Where the records below reach the line containing "Suc k + ((1", start transcribing, and end with the line containing "satisfy the Standing", exactly and with nothing else added.
Segment Start: Source records
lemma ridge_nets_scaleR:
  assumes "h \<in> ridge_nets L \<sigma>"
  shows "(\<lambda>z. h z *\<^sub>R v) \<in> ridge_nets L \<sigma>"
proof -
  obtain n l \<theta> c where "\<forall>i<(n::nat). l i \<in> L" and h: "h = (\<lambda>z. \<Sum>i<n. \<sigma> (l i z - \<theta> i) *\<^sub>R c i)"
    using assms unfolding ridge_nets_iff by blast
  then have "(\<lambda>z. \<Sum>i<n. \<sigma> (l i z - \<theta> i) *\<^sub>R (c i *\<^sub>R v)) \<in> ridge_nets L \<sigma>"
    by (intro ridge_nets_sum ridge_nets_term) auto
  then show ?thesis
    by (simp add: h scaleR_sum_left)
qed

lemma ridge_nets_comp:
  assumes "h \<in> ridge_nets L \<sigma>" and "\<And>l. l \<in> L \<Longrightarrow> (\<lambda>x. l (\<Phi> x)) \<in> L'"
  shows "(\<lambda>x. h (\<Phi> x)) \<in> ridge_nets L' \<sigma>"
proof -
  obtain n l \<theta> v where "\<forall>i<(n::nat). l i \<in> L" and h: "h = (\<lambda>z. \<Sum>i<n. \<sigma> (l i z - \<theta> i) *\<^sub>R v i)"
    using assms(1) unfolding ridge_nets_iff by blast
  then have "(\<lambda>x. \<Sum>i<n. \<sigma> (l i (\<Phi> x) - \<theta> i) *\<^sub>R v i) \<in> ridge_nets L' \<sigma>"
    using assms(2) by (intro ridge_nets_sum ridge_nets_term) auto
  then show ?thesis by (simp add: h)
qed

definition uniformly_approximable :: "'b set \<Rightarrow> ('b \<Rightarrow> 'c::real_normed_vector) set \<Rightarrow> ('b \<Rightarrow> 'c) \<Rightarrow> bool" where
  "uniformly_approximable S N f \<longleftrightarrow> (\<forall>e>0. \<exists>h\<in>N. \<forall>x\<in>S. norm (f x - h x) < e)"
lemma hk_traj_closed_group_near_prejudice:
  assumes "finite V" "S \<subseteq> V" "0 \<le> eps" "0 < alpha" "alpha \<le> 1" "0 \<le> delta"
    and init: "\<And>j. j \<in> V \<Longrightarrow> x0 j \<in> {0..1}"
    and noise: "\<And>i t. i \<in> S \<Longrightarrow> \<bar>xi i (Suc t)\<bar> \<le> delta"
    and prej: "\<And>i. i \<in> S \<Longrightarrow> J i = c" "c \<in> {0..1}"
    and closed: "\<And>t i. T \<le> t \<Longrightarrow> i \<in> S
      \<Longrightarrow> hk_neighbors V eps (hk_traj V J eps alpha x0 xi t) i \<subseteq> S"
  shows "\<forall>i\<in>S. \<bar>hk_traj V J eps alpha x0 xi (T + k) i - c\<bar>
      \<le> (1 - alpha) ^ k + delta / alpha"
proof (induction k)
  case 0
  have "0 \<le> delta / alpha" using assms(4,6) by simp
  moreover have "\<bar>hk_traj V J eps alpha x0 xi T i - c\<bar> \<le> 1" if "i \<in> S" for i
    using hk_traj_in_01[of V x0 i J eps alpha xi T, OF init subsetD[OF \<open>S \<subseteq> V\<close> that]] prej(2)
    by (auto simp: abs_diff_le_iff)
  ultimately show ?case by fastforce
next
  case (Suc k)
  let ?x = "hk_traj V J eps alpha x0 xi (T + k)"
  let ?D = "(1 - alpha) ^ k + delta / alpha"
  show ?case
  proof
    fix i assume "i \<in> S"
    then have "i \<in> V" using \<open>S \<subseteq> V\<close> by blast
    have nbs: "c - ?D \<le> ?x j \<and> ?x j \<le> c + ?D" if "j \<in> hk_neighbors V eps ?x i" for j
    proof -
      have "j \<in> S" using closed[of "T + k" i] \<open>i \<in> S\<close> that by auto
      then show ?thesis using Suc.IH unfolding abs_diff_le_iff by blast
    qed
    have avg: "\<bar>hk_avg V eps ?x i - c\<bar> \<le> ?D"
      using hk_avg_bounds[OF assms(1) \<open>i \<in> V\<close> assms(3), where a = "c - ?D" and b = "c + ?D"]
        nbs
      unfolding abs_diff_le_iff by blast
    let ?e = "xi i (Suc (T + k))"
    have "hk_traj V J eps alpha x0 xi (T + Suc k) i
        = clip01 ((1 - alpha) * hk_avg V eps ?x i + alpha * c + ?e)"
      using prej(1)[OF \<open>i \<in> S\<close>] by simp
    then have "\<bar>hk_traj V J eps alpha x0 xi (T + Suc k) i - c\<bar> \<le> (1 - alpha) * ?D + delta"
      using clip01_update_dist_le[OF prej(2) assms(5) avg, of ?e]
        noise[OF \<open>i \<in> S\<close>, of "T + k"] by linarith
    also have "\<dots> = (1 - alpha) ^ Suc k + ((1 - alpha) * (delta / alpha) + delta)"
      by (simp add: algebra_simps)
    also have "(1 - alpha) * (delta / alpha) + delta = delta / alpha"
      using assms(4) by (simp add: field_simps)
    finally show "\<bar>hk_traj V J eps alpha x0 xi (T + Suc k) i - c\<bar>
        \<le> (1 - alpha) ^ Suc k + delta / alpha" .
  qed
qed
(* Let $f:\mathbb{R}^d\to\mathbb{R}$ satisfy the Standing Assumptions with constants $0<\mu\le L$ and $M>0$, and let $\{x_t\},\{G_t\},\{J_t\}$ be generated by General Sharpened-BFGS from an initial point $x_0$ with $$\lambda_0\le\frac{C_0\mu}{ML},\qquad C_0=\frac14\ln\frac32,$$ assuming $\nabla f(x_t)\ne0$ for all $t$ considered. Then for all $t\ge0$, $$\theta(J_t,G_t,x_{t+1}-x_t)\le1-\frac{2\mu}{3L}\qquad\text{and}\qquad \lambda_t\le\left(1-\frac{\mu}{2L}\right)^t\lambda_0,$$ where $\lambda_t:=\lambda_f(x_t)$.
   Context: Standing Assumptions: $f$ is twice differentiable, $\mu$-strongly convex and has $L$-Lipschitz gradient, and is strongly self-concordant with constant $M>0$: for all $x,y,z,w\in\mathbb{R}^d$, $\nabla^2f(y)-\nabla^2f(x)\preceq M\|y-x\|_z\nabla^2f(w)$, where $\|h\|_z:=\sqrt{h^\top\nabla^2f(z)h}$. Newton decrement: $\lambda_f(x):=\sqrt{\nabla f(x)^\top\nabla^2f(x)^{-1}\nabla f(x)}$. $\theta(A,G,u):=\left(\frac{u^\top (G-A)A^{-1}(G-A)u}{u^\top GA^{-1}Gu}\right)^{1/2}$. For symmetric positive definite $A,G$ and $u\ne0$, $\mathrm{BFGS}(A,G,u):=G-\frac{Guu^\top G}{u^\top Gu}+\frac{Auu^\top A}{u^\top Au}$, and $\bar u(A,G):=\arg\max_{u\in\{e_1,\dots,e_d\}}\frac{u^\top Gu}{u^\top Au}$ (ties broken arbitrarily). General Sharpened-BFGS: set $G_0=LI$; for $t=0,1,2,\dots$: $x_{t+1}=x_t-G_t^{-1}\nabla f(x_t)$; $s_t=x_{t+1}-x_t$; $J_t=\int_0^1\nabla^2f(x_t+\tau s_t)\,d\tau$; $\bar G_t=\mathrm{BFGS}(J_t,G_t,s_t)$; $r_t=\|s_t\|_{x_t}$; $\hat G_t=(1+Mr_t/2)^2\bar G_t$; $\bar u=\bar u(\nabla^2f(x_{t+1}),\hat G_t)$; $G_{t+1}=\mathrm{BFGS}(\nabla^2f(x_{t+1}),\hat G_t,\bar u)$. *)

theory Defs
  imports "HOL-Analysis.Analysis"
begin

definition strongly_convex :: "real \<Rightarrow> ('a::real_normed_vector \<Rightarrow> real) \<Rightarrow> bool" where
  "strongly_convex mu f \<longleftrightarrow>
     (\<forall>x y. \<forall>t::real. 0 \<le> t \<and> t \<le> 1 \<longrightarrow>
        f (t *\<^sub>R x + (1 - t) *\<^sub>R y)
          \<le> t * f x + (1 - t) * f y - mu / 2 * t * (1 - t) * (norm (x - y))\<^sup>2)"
Segment End: Source records
• The answer:
    also have "\<dots> = (1 - alpha) ^ Suc k + ((1 - alpha) * (delta / alpha) + delta)"
      by (simp add: algebra_simps)
    also have "(1 - alpha) * (delta / alpha) + delta = delta / alpha"
      using assms(4) by (simp add: field_simps)
    finally show "\<bar>hk_traj V J eps alpha x0 xi (T + Suc k) i - c\<bar>
        \<le> (1 - alpha) ^ Suc k + delta / alpha" .
  qed
qed
(* Let $f:\mathbb{R}^d\to\mathbb{R}$ satisfy the Standing Assumptions with constants $0<\mu\le L$ and $M>0$, and let $\{x_t\},\{G_t\},\{J_t\}$ be generated by General Sharpened-BFGS from an initial point $x_0$ with $$\lambda_0\le\frac{C_0\mu}{ML},\qquad C_0=\frac14\ln\frac32,$$ assuming $\nabla f(x_t)\ne0$ for all $t$ considered. Then for all $t\ge0$, $$\theta(J_t,G_t,x_{t+1}-x_t)\le1-\frac{2\mu}{3L}\qquad\text{and}\qquad \lambda_t\le\left(1-\frac{\mu}{2L}\right)^t\lambda_0,$$ where $\lambda_t:=\lambda_f(x_t)$.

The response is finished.